Molecular Sets (MOSES): A benchmarking platform for molecular generation models

Deep generative models are rapidly becoming popular for the discovery of new molecules and materials. Such models learn on a large collection of molecular structures and produce novel compounds. In this work, we introduce Molecular Sets (MOSES), a benchmarking platform to support research on machine learning for drug discovery. MOSES implements several popular molecular generation models and provides a set of metrics to evaluate the quality and diversity of generated molecules. With MOSES, we aim to standardize the research on molecular generation and facilitate the sharing and comparison of new models.

For more details, please refer to the paper.

If you are using MOSES in your research paper, please cite us as

@article{10.3389/fphar.2020.565644,
  title={{M}olecular {S}ets ({MOSES}): {A} {B}enchmarking {P}latform for {M}olecular {G}eneration {M}odels},
  author={Polykovskiy, Daniil and Zhebrak, Alexander and Sanchez-Lengeling, Benjamin and Golovanov, Sergey and Tatanov, Oktai and Belyaev, Stanislav and Kurbanov, Rauf and Artamonov, Aleksey and Aladinskiy, Vladimir and Veselov, Mark and Kadurin, Artur and Johansson, Simon and  Chen, Hongming and Nikolenko, Sergey and Aspuru-Guzik, Alan and Zhavoronkov, Alex},
  journal={Frontiers in Pharmacology},
  year={2020}
}

Dataset

We propose a benchmarking dataset refined from the ZINC database.

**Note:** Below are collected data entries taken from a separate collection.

lemma fixed_point_m_eq_0:
  assumes m: "m = 0"
  shows "1 < (1 + lam * real d) * (1 - lam)" and "y = profile_state lam d 0 0"
proof -
  define D where "D = lam * real d"
  have D: "0 < D" unfolding D_def by (rule lam_d_pos)
  have drift00: "drift lam d I y 0 0 = 0" and drift01: "drift lam d I y 0 1 = 0"
    using I_gt by (simp_all add: drift_eq_0)
  have "D * y 0 1 = lam"
    using drift_first_column[OF m I_gt, of 0 0 lam d] drift00 unfolding D_def by simp
  then have y01: "y 0 1 = lam / D" using D by (simp add: field_simps)
  have "y 1 1 = D * y 0 1"
    using drift_first_column[OF m I_gt, of 0 1 lam d] drift01 I_gt unfolding D_def by simp
  then have y11: "y 1 1 = lam" using y01 D by simp
  have a0: "profile_a0 lam d 0 = 1 - lam - lam / D"
    unfolding profile_a0_def D_def[symmetric] using D by (simp add: field_simps)
  have y00: "y 0 0 = profile_a0 lam d 0"
    using sum_two_cols I_gt m y01 y11 a0 by (simp add: col_def)
  have "0 < D * y 0 0" using col_m_pos m D by (simp add: col_def)
  moreover have "D * y 0 0 = D * (1 - lam) - lam" using y00 a0 D by (simp add: field_simps)
  ultimately show "1 < (1 + lam * real d) * (1 - lam)"
    unfolding D_def[symmetric] by (simp add: algebra_simps)
  show "y = profile_state lam d 0 0"
  proof (intro ext)
    fix i j :: nat
    consider "j = 0" "i = 0" | "j = 1" "i = 0" | "j = 1" "i = 1" | "j < i" | "j \<noteq> 0" "j \<noteq> 1"
      by linarith
    then show "y i j = profile_state lam d 0 0 i j"
    proof cases
      case 3
      then show ?thesis using y11 a0 lam_d_pos profile_state_1_1[of lam d] by (auto simp: D_def)
    next
      case 4
      then show ?thesis using entry_low_eq_0 profile_state_below_diag by simp
    next
      case 5
      then show ?thesis using entry_eq_0 m profile_state_eq_0 by simp
    qed (use y00 y01 a0 profile_state_0_J profile_state_0_Suc_J in auto)
  qed
qed

end

locale interior_fixed_point = fixed_point_state +
  assumes m_ge_1: "1 \<le> m" and Suc_m_le: "Suc m \<le> I"
begin

sublocale two_column_drift I m y lam d
  using m_ge_1 lam_pos d_ge by unfold_locales auto

definition be :: real where "be = 1 + lam * real d"
definition al :: real where "al = 1 + lam * real d + q"
definition a0 :: real where "a0 = y 0 m"
definition b0 :: real where "b0 = y 0 (Suc m)"

sublocale P: column_profile be al a0 b0 .

lemma be_al:
  "be - 1 = lam * real d" "al - be = q" "al - 1 = lam * real d + q" "1 < be" "be \<le> al"
  using lam_d_pos q_nonneg by (auto simp: be_def al_def)

lemma col_m_eq_colA: "i \<le> m \<Longrightarrow> y i m = P.colA i"
proof (induction i)
  case 0
  then show ?case by (simp add: column_profile.colA_def a0_def)
next
  case (Suc i)
  then have "y (Suc i) m = (if 0 < i then y i m else 0) + (al - 1) * y i m"
    using drift_eq_0[of i m] drift_col_m[OF Suc_m_le, of i] m_le
    unfolding be_al(3) by (simp add: algebra_simps)
  then show ?case using Suc by (simp add: P.colA_recurrence)
qed

lemma col_Suc_m_eq_colB: "i \<le> Suc m \<Longrightarrow> y i (Suc m) = P.colB i"
proof (induction i rule: less_induct)
  case (less i)
  show ?case
  proof (cases i)
    case 0
    then show ?thesis by (simp add: column_profile.colB_def b0_def)
  next
    case (Suc k)
    then have "y i (Suc m) = (if 0 < k then y k (Suc m) - (al - be) * y (k-1) m else 0)
        + (be - 1) * y k (Suc m)"
      using drift_eq_0[of k "Suc m"] drift_col_Suc_m[OF Suc_m_le, of k] less.prems Suc_m_le
      unfolding be_al(1,2) by auto
    then show ?thesis
      using less Suc col_m_eq_colA[of "k-1"] by (simp add: P.colB_recurrence)
  qed
qed

lemma col_m_eq: "col y m = P.cumA m"
  unfolding col_def P.sum_colA[symmetric] using col_m_eq_colA by simp

lemma col_Suc_m_eq: "col y (Suc m) = P.cumB (Suc m)"
  unfolding col_def P.sum_colB[symmetric] using col_Suc_m_eq_colB by simp

lemma colB_Suc_m: "P.colB (Suc m) = q * P.colA m"
  using drift_eq_0[of "Suc m" "Suc m"] drift_diag_Suc_m[OF Suc_m_le] col_m_eq_colA[of m]
    col_Suc_m_eq_colB[of "Suc m"] Suc_m_le by simp

lemma row_cumsum_eq: "k \<le> m \<Longrightarrow> row_cumsum I y k = P.cumA k + P.cumB k"
  unfolding row_cumsum_def row_eq P.sum_colA[symmetric] P.sum_colB[symmetric] sum.distrib[symmetric]
  using col_m_eq_colA col_Suc_m_eq_colB by (intro sum.cong) auto

lemma row_load_eq: "lam * real d * row_load I y (m-1)
    = P.cumA m + P.cumB m - (a0 + b0) - q * P.cumA (m-1)"
  using P.sum_cumA_cumB[of "m-1"] be_al m_ge_1 row_cumsum_eq
  unfolding row_load_eq_sum_row_cumsum by simp

lemma cumA_add_cumB_eq_1: "P.cumA m + P.cumB (Suc m) = 1"
  using sum_two_cols Suc_m_le col_m_eq col_Suc_m_eq by simp

lemma Rfun_eq_q_cumA: "Rfun lam d I y (m-1) = q * P.cumA m"
  using col_m_pos col_m_eq by (simp add: q_def)

text \<open>Compare \<open>Rfun (m-1)\<close> as routed into column \<open>m + 1\<close> with its value from the diagonal
  balance below column \<open>m\<close>.\<close>

lemma a0_add_b0: "a0 + b0 = 1 - lam"
proof -
  have "q * P.cumA m = lam - lam * real d * row_load I y (m-1)"
    using Rfun_if_diag_drift_0(2) drift_eq_0 m_le Rfun_eq_q_cumA by simp
  moreover have "P.cumB m = P.cumB (Suc m) - P.colB (Suc m)"
    by (simp add: P.colB_Suc)
  moreover have "P.cumA m = P.cumA (m-1) + P.colA m"
    using P.cumA_Suc[of "m-1"] m_ge_1 by simp
  ultimately show ?thesis
    using row_load_eq cumA_add_cumB_eq_1 colB_Suc_m by (simp add: algebra_simps)
qed

lemma be_power_mass: "be^(Suc m) * b0 + be^m * a0 = 1"
  using P.cumA_add_cumB_Suc[of m] cumA_add_cumB_eq_1 by simp

lemma a0_identity: "lam * real d * be^m * a0 = be^(Suc m) * (1 - lam) - 1"
proof -
  have "be^(Suc m) * (1 - lam) - 1 = be^(Suc m) * (a0 + b0) - (be^(Suc m) * b0 + be^m * a0)"
    using a0_add_b0 be_power_mass by simp
  also have "\<dots> = (be - 1) * be^m * a0"
    by (simp add: algebra_simps)
  finally show ?thesis using be_al(1) by simp
qed

lemma a0_eq_profile_a0: "a0 = profile_a0 lam d m"
proof -
  have pos: "0 < be^m" using be_al by simp
  have "lam * real d * a0 = (lam * real d * be^m * a0) / be^m"
    using pos by (metis mult.commute mult.left_commute less_irrefl nonzero_mult_div_cancel_left)
  also have "\<dots> = lam * real d * profile_a0 lam d m"
    unfolding a0_identity lam_d_mult_profile_a0[OF lam_d_pos] be_def[symmetric] using pos
    by (simp add: diff_divide_distrib)
  finally show ?thesis using lam_d_pos by auto
qed

lemma a0_pos: "0 < a0"
proof -
  have "0 < al^m * a0" using col_m_pos col_m_eq by (simp add: P.cumA_def)
  moreover have "0 < al" using be_al by simp
  ultimately show ?thesis by (simp add: zero_less_mult_iff)
qed

lemma threshold_ineqs: "be^m * (1 - lam) \<le> 1" "1 < be^(Suc m) * (1 - lam)"
proof -
  have "be^m * b0 \<le> be^(Suc m) * b0"
    using simplexS_nonneg[OF in_simplex, of 0 "Suc m"] be_al unfolding b0_def
    by (intro mult_right_mono) auto
  then have "be^m * (a0 + b0) \<le> be^(Suc m) * b0 + be^m * a0"
    by (simp add: algebra_simps)
  then show "be^m * (1 - lam) \<le> 1"
    using be_power_mass a0_add_b0 by simp
  have "0 < lam * real d * be^m * a0"
    using a0_pos lam_d_pos be_al by simp
  then show "1 < be^(Suc m) * (1 - lam)"
    using a0_identity by simp
qed

lemma rate_fun_q: "rate_fun lam d m q = lam * real d"
proof -
  obtain n where m: "m = Suc n" using m_ge_1 by (cases m) auto
  have "be * P.colB (Suc (Suc n)) = (be - 1) * (be^(Suc (Suc n)) * b0 + be^(Suc n) * a0)
      - a0 * be * al^n * (al - 1)"
    by (simp add: P.colB_Suc_Suc_eq algebra_simps)
  then have "be * (q * ((al - 1) * al^n * a0)) = (be - 1) - a0 * be * al^n * (al - 1)"
    using colB_Suc_m be_power_mass m by (simp add: P.colA_Suc)
  then have "(al - 1) * al^n * a0 * be * (1 + q) = be - 1"
    by (simp add: algebra_simps)
  then show ?thesis
    using m a0_eq_profile_a0 unfolding rate_fun_def al_def be_def by (simp add: algebra_simps)
qed

lemma eq_profile_state: "y = profile_state lam d m q"
proof (intro ext)
  fix i j :: nat
  consider "j = m" | "j = Suc m" | "j \<noteq> m" "j \<noteq> Suc m" by blast
  then show "y i j = profile_state lam d m q i j"
  proof cases
    case 1
    then show ?thesis
      using col_m_eq_colA[of i] entry_low_eq_0[of j i] a0_eq_profile_a0
      unfolding profile_state_def al_def by auto
  next
    case 2
    have "b0 = 1 - lam - profile_a0 lam d m"
      using a0_add_b0 a0_eq_profile_a0 by simp
    then show ?thesis
      using 2 col_Suc_m_eq_colB[of i] entry_low_eq_0[of j i] a0_eq_profile_a0
      unfolding profile_state_def al_def be_def by auto
  qed (simp add: entry_eq_0 profile_state_eq_0)
qed

end

locale last_column_fixed_point = fixed_point_state +
  assumes m_eq_I: "m = I"
begin

sublocale two_column_drift I m y lam d
  using m_eq_I I_gt lam_pos d_ge by unfold_locales auto

abbreviation T :: "nat \<Rightarrow> real" where
  "T \<equiv> row_cumsum I y"

lemma row_eq_last: "row I y i = y i I"
  using row_eq m_eq_I simplexS_eq_0[OF in_simplex, of i "Suc I"] by simp

lemma T_Suc: "T (Suc k) = T k + y (Suc k) I"
  by (simp add: row_cumsum_Suc row_eq_last)

lemma T_I: "T I = 1"
proof -
  have "T I = col y I"
    unfolding row_cumsum_def col_def row_eq_last ..
  also have "\<dots> = 1"
  proof -
    have "col y j = 0" if "j \<noteq> I" for j
      using col_eq_0[of j] m_eq_I that simplexS_eq_0[OF in_simplex]
      by (cases "j = Suc I") (auto simp: col_def)
    then show ?thesis using simplexS_sum_col_subset[OF in_simplex, of "{I}"] by auto
  qed
  finally show ?thesis .
qed

lemma Rfun_eq_q: "Rfun lam d I y (I-1) = q"
  using T_I col_m_pos m_eq_I unfolding q_def row_cumsum_def col_def row_eq_last by simp

lemma entry_Suc_last: "Suc k \<le> I \<Longrightarrow> y (Suc k) I = lam * real d * T k + q * y k I"
proof (induction k)
  case 0
  then show ?case
    using drift_eq_0[of 0 I] drift_col_last[OF m_eq_I, of 0] I_gt by (simp add: row_eq_last)
next
  case (Suc k)
  then have "y (Suc (Suc k)) I = y (Suc k) I + lam * real d * y (Suc k) I + q * y (Suc k) I - q * y k I"
    using drift_eq_0[of "Suc k" I] drift_col_last[OF m_eq_I, of "Suc k"] by simp
  then show ?case using Suc T_Suc[of k] by (simp add: algebra_simps)
qed

lemma T_growth: "k \<le> I \<Longrightarrow> (1 + lam * real d)^k * T 0 \<le> T k"
proof (induction k)
  case (Suc k)
  have "0 \<le> q * y k I" using q_nonneg simplexS_nonneg[OF in_simplex] by simp
  then have "(1 + lam * real d) * T k \<le> T (Suc k)"
    using T_Suc[of k] entry_Suc_last[of k] Suc.prems by (simp add: algebra_simps)
  moreover have "(1 + lam * real d) * ((1 + lam * real d)^k * T 0) \<le> (1 + lam * real d) * T k"
    using Suc lam_d_pos by simp
  ultimately show ?case by simp
qed simp

lemma row_load_last: "Suc k \<le> I \<Longrightarrow> lam * real d * row_load I y k = T (Suc k) - T 0 - q * T k"
proof (induction k)
  case 0
  then show ?case using T_Suc[of 0] entry_Suc_last[of 0] by (simp add: row_eq_last algebra_simps)
next
  case (Suc k)
  have "row_load I y (Suc k) = row_load I y k + T (Suc k)"
    unfolding row_load_eq_sum_row_cumsum by simp
  then show ?case
    using Suc T_Suc[of k] T_Suc[of "Suc k"] entry_Suc_last[of "Suc k"] by (simp add: algebra_simps)
qed

text \<open>When all mass sits in the last column, the mass \<open>T 0\<close> of its top entry is at least
  \<open>1 - \<lambda>\<close>, and it is amplified by at least \<open>1 + \<lambda>d\<close> per row.\<close>

lemma last_column_threshold: "(1 + lam * real d)^I * (1 - lam) \<le> 1"
proof -
  have "q = lam - lam * real d * row_load I y (I-1)"
    using Rfun_if_diag_drift_0(2) drift_eq_0 m_eq_I Rfun_eq_q by simp
  then have "T 0 = 1 - lam + q * (1 - T (I-1))"
    using row_load_last[of "I-1"] I_gt T_I by (simp add: algebra_simps)
  moreover have "T (I-1) \<le> 1"
    using row_cumsum_mono[OF in_simplex, of "I-1" I] T_I by simp
  ultimately have "1 - lam \<le> T 0"
    using q_nonneg by (smt (verit) mult_nonneg_nonneg)
  then have "(1 + lam * real d)^I * (1 - lam) \<le> (1 + lam * real d)^I * T 0"
    using lam_d_pos by (intro mult_left_mono) auto
  also have "\<dots> \<le> 1" using T_growth[of I] T_I by simp
  finally show ?thesis .
qed

end

section \<open>Profile states are fixed points\<close>

locale profile_candidate =
  fixes lam :: real and d I J :: nat and q :: real
  assumes lam_pos: "0 < lam" and d_ge: "2 \<le> d" and J_ge_1: "1 \<le> J" and Suc_J_le: "Suc J \<le> I"
    and below_threshold: "(1 + lam * real d)^J * (1 - lam) \<le> 1"
    and above_threshold: "1 < (1 + lam * real d)^(Suc J) * (1 - lam)"
    and q_nonneg: "0 \<le> q" and rate: "rate_fun lam d J q = lam * real d"
begin

definition be :: real where "be = 1 + lam * real d"
definition al :: real where "al = 1 + lam * real d + q"
definition a0 :: real where "a0 = profile_a0 lam d J"
definition b0 :: real where "b0 = 1 - lam - a0"

sublocale P: column_profile be al a0 b0 .

abbreviation x :: "nat \<Rightarrow> nat \<Rightarrow> real" where
  "x \<equiv> profile_state lam d J q"

lemma lam_d_pos: "0 < lam * real d"
  using lam_pos d_ge by simp

lemma be_al:
  "be - 1 = lam * real d" "al - be = q" "al - 1 = lam * real d + q" "1 < be" "be \<le> al"
  using lam_d_pos q_nonneg by (auto simp: be_def al_def)

lemma x_eq: "x i j = (if j = J \<and> i \<le> J then P.colA i else if j = Suc J \<and> i \<le> Suc J then P.colB i else 0)"
  unfolding profile_state_def al_def be_def a0_def b0_def by simp

lemma a0_identity: "lam * real d * be^J * a0 = be^(Suc J) * (1 - lam) - 1"
proof -
  have pos: "0 < be^J" using be_al by simp
  have "lam * real d * a0 = be * (1 - lam) - 1 / be^J"
    unfolding a0_def be_def using lam_d_mult_profile_a0[OF lam_d_pos] by simp
  then have "lam * real d * a0 * be^J = (be * (1 - lam) - 1 / be^J) * be^J" by simp
  also have "\<dots> = be * (1 - lam) * be^J - 1" using pos be_al(4) by (simp add: left_diff_distrib)
  finally show ?thesis by (simp add: algebra_simps)
qed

The set is based on the ZINC Clean Leads collection. It contains 4,591,276 molecules in total, filtered by molecular weight in the range from 250 to 350 Daltons, a number of rotatable bonds not greater than 7, and XlogP less than or equal to 3.5. We removed molecules containing charged atoms or atoms besides C, N, S, O, F, Cl, Br, H or cycles longer than 8 atoms. The molecules were filtered via medicinal chemistry filters (MCFs) and PAINS filters.

The dataset contains 1,936,962 molecular structures. For experiments, we split the dataset into a training, test and scaffold test sets containing around 1.6M, 176k, and 176k molecules respectively. The scaffold test set contains unique Bemis-Murcko scaffolds that were not present in the training and test sets. We use this set to assess how well the model can generate previously unobserved scaffolds.

Models

Metrics

Besides standard uniqueness and validity metrics, MOSES provides other metrics to access the overall quality of generated molecules. Fragment similarity (Frag) and Scaffold similarity (Scaff) are cosine distances between vectors of fragment or scaffold frequencies correspondingly of the generated and test sets. Nearest neighbor similarity (SNN) is the average similarity of generated molecules to the nearest molecule from the test set. Internal diversity (IntDiv) is an average pairwise similarity of generated molecules. Fréchet ChemNet Distance (FCD) measures the difference in distributions of last layer activations of ChemNet. Novelty is a fraction of unique valid generated molecules not present in the training set.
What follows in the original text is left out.